** Material supplied follows **
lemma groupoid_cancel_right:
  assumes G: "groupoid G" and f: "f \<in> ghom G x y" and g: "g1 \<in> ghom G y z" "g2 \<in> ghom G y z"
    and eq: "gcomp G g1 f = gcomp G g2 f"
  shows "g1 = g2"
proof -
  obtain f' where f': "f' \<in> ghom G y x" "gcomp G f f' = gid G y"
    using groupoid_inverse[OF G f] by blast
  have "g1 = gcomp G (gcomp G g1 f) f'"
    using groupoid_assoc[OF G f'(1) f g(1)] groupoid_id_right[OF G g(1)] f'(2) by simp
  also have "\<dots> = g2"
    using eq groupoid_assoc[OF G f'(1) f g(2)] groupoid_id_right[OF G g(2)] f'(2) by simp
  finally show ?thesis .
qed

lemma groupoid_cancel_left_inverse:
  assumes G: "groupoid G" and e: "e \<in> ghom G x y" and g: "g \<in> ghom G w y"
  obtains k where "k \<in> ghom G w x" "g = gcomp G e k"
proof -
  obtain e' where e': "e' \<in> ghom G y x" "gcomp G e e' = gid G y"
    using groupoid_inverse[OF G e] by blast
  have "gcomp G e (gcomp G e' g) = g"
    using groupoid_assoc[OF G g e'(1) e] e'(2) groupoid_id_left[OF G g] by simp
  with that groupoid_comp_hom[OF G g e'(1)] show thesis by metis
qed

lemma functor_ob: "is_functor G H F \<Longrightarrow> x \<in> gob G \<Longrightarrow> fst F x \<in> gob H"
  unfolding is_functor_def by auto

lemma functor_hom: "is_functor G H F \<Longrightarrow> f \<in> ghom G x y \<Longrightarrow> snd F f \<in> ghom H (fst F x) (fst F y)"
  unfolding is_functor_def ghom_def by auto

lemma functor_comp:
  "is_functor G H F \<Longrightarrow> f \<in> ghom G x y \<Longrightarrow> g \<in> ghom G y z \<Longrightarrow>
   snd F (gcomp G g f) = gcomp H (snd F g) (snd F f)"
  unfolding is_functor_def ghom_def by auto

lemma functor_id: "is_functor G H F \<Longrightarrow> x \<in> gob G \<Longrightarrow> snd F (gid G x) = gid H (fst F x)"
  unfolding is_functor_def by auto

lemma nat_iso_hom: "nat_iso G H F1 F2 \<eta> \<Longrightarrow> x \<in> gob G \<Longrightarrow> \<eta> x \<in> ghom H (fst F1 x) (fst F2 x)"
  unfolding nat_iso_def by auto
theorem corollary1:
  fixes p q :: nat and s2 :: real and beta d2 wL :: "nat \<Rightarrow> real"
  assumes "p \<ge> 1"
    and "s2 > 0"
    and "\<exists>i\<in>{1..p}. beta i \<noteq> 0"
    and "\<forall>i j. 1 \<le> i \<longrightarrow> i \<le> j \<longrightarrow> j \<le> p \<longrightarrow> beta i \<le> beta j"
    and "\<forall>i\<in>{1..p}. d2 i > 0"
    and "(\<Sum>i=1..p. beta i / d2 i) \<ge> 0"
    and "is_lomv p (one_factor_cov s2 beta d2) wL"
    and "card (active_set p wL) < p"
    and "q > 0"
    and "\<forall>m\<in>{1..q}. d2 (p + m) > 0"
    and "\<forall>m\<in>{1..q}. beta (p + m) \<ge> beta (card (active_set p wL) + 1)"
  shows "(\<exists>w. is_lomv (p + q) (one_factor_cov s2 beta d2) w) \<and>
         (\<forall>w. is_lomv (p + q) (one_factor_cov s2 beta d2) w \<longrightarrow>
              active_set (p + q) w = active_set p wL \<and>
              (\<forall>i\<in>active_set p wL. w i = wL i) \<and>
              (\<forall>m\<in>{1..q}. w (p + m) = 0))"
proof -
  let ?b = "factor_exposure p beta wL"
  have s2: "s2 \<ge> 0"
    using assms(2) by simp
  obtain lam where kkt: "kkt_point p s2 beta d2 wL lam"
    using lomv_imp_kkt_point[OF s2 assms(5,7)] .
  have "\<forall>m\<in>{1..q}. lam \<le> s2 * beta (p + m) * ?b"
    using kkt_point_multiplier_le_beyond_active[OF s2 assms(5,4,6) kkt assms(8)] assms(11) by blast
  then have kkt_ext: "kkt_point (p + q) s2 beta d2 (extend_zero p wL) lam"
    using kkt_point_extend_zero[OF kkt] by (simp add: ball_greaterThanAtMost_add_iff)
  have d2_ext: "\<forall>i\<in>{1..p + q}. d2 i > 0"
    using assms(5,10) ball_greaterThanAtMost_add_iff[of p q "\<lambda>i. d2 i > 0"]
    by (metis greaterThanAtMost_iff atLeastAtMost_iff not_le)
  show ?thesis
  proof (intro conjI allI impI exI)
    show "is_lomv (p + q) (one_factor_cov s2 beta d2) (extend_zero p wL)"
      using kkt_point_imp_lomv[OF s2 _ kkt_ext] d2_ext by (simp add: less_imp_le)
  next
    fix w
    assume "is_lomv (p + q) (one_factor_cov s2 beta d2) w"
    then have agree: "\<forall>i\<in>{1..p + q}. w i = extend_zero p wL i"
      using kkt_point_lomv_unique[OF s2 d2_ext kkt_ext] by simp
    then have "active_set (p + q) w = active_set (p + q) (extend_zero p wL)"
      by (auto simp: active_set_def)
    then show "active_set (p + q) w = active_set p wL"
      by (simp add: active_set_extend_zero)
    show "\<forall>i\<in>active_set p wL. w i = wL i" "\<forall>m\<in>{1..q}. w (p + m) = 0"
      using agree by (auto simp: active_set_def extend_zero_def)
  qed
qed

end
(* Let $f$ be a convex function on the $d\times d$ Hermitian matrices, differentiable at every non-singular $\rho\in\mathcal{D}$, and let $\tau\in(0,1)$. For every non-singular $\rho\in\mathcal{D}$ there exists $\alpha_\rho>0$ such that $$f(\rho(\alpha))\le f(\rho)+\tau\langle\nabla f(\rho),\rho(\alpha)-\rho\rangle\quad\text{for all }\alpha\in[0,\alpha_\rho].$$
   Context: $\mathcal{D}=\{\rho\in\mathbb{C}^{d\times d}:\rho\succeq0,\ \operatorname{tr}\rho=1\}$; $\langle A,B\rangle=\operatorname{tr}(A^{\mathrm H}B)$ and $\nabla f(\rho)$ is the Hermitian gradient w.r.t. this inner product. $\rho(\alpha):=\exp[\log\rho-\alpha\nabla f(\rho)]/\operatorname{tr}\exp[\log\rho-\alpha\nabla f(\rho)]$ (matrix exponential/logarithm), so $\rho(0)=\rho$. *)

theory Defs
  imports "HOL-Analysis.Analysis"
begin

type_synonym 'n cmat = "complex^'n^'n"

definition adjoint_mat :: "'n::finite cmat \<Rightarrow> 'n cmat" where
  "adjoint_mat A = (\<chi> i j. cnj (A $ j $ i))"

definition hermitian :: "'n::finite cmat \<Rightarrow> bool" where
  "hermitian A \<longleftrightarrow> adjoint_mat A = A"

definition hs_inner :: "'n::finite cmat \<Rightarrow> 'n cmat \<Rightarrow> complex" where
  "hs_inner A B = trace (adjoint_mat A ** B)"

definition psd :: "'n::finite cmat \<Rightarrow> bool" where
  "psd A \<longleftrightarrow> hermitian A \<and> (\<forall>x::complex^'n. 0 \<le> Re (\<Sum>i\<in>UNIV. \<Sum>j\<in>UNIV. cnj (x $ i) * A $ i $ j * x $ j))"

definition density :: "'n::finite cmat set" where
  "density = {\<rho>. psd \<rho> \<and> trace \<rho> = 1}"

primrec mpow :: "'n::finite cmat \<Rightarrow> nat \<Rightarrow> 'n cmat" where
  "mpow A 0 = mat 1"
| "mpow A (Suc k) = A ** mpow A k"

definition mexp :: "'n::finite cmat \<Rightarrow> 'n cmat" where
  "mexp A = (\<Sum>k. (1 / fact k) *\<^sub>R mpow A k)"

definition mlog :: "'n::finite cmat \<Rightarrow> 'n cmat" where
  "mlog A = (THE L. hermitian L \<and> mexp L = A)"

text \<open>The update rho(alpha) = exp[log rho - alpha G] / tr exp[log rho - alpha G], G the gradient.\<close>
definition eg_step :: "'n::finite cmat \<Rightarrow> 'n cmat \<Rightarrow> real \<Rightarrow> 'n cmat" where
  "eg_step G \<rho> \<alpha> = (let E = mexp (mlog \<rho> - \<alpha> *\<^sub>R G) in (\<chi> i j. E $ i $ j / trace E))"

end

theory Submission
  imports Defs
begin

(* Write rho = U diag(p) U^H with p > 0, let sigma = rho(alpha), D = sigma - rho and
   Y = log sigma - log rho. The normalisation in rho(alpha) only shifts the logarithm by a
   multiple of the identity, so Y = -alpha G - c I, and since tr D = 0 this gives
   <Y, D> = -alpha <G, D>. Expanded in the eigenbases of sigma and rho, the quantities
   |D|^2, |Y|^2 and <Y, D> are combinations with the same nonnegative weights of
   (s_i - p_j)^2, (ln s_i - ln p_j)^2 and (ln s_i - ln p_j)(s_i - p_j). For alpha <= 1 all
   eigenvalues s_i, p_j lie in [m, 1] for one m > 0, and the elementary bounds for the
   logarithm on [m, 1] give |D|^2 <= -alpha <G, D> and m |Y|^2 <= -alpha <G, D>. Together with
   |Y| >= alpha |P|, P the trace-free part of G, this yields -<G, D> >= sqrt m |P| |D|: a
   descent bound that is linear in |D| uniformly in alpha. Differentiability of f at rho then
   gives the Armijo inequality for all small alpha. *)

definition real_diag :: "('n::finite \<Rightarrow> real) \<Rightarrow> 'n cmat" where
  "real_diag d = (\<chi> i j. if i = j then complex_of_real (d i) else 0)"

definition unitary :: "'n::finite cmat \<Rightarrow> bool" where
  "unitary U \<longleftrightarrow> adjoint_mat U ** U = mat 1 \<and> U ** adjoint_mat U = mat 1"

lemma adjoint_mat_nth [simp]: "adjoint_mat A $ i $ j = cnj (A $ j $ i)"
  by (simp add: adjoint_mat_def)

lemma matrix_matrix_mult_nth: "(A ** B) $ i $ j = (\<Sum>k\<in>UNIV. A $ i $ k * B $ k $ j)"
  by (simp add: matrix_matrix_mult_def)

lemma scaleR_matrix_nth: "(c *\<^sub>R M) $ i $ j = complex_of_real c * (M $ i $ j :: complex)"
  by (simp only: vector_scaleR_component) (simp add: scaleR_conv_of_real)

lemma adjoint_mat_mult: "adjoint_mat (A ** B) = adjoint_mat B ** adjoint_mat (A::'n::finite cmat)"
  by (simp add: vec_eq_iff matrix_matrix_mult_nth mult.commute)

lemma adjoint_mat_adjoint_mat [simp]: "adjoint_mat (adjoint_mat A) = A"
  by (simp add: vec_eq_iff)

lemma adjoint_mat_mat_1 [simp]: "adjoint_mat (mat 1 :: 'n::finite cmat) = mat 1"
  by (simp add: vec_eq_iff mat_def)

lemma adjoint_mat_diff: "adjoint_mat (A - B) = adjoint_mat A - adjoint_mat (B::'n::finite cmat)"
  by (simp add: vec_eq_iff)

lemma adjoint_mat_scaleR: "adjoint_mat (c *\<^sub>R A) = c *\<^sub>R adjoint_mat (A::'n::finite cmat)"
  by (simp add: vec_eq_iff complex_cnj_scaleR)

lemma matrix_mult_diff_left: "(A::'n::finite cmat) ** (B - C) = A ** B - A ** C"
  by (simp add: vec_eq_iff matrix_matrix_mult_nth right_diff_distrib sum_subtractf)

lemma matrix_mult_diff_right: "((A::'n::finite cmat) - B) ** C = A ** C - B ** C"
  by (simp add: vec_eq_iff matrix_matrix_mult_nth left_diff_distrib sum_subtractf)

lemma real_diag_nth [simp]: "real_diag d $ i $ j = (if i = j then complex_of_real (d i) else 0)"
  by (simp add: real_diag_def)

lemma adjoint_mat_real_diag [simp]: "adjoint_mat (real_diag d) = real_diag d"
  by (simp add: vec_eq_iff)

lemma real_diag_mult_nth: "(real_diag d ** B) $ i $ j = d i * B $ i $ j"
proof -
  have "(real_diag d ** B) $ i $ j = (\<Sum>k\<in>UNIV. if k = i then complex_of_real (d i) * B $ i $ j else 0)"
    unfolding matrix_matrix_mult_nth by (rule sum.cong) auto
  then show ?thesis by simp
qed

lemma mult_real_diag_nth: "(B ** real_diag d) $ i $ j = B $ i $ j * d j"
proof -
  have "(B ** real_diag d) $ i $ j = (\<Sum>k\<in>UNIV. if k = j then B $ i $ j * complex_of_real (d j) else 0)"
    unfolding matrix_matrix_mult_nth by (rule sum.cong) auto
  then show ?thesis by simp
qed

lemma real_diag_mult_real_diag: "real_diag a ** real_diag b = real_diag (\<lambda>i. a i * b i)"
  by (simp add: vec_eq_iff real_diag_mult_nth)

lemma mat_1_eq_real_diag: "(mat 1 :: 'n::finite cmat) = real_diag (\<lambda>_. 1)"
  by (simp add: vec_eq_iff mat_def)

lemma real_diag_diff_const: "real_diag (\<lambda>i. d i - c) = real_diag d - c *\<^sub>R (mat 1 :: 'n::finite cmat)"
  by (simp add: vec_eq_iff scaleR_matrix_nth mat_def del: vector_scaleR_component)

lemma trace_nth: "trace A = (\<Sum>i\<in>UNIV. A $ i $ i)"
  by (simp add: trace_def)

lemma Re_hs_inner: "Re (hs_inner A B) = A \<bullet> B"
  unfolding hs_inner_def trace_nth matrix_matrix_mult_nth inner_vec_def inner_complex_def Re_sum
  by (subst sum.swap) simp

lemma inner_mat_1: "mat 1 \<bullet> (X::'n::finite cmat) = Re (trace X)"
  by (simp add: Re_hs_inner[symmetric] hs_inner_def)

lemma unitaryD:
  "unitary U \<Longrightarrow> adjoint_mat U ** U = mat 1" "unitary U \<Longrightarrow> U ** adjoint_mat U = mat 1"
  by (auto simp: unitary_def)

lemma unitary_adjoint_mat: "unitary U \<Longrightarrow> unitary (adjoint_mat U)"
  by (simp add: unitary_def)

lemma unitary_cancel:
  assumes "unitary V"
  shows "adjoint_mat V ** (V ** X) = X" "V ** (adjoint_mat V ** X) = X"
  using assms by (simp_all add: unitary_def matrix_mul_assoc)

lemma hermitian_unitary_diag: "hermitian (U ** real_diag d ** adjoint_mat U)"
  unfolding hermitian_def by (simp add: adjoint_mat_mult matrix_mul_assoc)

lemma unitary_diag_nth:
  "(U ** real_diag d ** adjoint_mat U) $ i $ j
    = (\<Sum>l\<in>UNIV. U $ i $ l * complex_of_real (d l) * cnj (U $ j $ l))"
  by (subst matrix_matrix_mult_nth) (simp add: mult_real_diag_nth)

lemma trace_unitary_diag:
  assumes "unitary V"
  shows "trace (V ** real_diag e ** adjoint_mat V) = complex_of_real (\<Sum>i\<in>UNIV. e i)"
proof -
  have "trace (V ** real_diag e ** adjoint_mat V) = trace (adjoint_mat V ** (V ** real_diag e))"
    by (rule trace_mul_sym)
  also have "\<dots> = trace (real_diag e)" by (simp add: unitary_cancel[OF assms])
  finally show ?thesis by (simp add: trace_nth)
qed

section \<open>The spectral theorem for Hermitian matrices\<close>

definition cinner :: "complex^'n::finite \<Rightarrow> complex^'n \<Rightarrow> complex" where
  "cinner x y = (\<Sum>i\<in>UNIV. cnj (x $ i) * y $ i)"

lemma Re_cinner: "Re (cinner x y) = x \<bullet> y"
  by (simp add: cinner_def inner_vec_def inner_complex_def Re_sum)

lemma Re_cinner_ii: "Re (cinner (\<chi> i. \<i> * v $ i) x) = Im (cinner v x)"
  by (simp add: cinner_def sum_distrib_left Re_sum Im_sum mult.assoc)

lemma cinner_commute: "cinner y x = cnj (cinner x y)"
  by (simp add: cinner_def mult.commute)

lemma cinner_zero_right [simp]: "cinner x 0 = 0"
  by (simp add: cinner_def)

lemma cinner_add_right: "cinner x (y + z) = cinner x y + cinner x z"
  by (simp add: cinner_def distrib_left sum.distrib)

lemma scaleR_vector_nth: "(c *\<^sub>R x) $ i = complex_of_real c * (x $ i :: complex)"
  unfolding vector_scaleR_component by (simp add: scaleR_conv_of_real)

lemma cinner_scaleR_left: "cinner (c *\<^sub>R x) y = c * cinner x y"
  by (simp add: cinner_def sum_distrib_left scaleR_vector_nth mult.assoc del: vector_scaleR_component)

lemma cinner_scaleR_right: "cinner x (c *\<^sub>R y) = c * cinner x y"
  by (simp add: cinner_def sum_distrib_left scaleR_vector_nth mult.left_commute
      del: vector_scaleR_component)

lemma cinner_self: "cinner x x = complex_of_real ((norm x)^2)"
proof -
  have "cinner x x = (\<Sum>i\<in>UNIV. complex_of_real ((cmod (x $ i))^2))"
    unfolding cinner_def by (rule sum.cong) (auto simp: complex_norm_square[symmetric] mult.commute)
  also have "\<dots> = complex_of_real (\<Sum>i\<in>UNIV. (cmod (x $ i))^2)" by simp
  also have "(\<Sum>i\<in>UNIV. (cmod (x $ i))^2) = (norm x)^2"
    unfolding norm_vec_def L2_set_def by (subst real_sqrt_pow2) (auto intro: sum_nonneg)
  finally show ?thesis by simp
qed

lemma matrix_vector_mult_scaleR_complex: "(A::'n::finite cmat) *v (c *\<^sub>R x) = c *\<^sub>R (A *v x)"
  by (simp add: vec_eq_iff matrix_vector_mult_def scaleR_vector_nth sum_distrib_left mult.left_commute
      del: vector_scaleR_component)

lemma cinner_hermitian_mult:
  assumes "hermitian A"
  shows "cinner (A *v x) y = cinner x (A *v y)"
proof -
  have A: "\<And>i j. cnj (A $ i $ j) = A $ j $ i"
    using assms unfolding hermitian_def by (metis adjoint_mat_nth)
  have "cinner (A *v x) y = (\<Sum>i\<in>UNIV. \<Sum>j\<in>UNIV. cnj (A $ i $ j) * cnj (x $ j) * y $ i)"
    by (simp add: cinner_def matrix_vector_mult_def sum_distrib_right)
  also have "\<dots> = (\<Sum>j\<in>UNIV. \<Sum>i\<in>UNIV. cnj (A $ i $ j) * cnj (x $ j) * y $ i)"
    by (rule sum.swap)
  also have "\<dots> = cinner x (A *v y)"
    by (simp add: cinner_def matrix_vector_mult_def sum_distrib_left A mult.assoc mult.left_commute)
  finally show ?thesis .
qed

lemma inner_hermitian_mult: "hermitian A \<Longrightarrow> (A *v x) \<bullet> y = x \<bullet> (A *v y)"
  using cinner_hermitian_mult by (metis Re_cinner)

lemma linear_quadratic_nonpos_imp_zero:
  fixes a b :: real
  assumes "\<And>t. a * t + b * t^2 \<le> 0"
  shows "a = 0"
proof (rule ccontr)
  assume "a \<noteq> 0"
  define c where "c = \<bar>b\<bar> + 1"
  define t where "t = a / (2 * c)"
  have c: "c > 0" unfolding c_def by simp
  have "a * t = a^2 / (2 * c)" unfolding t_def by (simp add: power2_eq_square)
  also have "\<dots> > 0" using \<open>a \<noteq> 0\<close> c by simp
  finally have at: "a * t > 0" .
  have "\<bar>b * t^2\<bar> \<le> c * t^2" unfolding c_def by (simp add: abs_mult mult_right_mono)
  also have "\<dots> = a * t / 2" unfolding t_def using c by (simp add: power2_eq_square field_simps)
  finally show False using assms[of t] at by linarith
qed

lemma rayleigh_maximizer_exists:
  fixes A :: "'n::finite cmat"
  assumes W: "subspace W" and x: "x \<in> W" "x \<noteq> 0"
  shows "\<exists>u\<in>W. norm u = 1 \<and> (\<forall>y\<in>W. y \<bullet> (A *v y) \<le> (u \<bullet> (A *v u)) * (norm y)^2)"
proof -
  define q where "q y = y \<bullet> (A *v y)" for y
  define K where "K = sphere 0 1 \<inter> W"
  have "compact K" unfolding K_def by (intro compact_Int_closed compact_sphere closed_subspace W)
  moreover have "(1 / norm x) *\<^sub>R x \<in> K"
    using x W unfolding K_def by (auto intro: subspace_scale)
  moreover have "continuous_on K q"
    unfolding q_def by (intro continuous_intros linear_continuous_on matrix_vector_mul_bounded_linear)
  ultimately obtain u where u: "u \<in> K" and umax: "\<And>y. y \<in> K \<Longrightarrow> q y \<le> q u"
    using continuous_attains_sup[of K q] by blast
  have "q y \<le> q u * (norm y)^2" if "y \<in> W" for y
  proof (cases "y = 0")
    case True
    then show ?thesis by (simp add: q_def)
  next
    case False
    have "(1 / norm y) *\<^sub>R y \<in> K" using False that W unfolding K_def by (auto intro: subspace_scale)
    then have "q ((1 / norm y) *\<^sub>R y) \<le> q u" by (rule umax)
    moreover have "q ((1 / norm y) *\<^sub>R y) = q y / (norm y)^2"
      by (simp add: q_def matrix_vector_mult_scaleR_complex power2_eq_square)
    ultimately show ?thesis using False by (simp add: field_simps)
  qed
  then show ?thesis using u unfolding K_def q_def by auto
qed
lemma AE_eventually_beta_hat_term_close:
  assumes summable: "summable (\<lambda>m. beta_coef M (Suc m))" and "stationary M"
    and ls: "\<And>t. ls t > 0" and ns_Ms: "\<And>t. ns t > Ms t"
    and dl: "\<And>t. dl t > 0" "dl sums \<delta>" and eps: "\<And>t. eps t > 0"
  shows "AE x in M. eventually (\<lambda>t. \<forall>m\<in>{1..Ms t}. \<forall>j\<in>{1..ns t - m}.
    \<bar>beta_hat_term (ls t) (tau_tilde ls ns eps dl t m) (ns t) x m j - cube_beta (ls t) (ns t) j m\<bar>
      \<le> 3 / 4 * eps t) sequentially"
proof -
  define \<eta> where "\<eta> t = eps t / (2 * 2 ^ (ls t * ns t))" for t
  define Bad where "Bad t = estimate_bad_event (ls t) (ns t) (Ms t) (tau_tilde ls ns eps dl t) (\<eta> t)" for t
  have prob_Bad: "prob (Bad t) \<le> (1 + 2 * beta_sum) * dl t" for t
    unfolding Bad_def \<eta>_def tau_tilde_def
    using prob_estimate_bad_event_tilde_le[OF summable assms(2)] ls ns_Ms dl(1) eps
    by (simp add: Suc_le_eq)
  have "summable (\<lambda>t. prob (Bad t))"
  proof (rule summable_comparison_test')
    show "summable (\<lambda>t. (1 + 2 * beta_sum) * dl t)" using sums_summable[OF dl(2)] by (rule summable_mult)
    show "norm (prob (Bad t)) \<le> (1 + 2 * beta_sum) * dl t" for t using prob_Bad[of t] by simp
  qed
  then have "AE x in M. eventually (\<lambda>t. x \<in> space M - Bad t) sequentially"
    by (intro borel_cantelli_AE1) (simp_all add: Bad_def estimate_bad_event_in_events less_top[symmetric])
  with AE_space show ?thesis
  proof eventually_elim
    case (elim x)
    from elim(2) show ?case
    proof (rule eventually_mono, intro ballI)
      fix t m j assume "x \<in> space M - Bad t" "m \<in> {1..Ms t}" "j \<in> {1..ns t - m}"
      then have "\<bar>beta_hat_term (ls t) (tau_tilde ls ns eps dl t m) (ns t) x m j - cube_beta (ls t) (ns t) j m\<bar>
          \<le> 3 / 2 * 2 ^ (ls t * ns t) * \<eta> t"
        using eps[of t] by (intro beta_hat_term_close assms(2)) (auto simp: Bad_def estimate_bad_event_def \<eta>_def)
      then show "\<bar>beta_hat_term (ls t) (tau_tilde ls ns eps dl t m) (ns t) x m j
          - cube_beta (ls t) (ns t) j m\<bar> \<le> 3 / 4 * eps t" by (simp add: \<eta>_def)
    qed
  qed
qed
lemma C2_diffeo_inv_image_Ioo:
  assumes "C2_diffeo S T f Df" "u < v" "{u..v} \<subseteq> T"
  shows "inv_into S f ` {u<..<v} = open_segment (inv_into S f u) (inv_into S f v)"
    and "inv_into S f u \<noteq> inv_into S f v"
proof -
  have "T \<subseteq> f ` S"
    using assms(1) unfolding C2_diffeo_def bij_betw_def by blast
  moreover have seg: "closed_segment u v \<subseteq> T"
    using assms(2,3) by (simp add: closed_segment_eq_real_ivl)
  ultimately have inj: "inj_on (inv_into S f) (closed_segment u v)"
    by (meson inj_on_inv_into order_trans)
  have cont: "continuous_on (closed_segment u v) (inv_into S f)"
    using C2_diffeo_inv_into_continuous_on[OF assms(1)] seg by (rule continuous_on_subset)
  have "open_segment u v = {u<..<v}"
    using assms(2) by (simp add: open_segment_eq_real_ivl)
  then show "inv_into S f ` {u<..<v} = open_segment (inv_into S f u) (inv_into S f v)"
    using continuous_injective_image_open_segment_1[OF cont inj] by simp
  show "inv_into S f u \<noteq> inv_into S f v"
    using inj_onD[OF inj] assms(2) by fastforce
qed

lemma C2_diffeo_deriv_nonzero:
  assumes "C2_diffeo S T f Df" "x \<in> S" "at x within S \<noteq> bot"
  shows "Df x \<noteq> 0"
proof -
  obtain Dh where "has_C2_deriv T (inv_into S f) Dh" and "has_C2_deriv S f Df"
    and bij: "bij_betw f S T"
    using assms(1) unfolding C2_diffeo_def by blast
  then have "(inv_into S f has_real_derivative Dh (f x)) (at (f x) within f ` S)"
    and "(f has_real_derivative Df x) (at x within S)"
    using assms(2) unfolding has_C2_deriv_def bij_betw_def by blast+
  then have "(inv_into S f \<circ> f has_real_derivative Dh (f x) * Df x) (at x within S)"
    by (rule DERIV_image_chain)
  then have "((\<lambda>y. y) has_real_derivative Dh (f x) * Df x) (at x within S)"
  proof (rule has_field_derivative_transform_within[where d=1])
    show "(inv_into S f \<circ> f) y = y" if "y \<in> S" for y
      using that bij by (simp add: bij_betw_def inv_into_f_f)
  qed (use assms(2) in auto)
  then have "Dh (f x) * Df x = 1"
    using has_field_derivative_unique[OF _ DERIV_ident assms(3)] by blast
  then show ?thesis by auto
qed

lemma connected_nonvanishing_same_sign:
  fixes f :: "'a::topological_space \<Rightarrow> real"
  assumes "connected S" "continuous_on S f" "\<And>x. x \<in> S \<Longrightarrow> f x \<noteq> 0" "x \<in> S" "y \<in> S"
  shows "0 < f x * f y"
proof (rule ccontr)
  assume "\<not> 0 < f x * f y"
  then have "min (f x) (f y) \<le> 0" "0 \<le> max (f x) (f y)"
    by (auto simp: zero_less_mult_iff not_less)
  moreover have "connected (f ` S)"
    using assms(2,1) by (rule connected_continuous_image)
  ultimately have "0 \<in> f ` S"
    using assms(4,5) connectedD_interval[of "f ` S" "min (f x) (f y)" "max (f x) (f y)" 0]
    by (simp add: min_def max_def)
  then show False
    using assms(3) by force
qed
** End of Material supplied **
◆ Work item: What you give back must be the stretch above, starting at the line with "that W unfolding K_def by (auto intro: subspace_scale)" and ending at the line with "(\<lambda>t. prob (Bad", copied exactly.

◆ Solution to this task:
    have "(1 / norm y) *\<^sub>R y \<in> K" using False that W unfolding K_def by (auto intro: subspace_scale)
    then have "q ((1 / norm y) *\<^sub>R y) \<le> q u" by (rule umax)
    moreover have "q ((1 / norm y) *\<^sub>R y) = q y / (norm y)^2"
      by (simp add: q_def matrix_vector_mult_scaleR_complex power2_eq_square)
    ultimately show ?thesis using False by (simp add: field_simps)
  qed
  then show ?thesis using u unfolding K_def q_def by auto
qed
lemma AE_eventually_beta_hat_term_close:
  assumes summable: "summable (\<lambda>m. beta_coef M (Suc m))" and "stationary M"
    and ls: "\<And>t. ls t > 0" and ns_Ms: "\<And>t. ns t > Ms t"
    and dl: "\<And>t. dl t > 0" "dl sums \<delta>" and eps: "\<And>t. eps t > 0"
  shows "AE x in M. eventually (\<lambda>t. \<forall>m\<in>{1..Ms t}. \<forall>j\<in>{1..ns t - m}.
    \<bar>beta_hat_term (ls t) (tau_tilde ls ns eps dl t m) (ns t) x m j - cube_beta (ls t) (ns t) j m\<bar>
      \<le> 3 / 4 * eps t) sequentially"
proof -
  define \<eta> where "\<eta> t = eps t / (2 * 2 ^ (ls t * ns t))" for t
  define Bad where "Bad t = estimate_bad_event (ls t) (ns t) (Ms t) (tau_tilde ls ns eps dl t) (\<eta> t)" for t
  have prob_Bad: "prob (Bad t) \<le> (1 + 2 * beta_sum) * dl t" for t
    unfolding Bad_def \<eta>_def tau_tilde_def
    using prob_estimate_bad_event_tilde_le[OF summable assms(2)] ls ns_Ms dl(1) eps
    by (simp add: Suc_le_eq)
  have "summable (\<lambda>t. prob (Bad t))"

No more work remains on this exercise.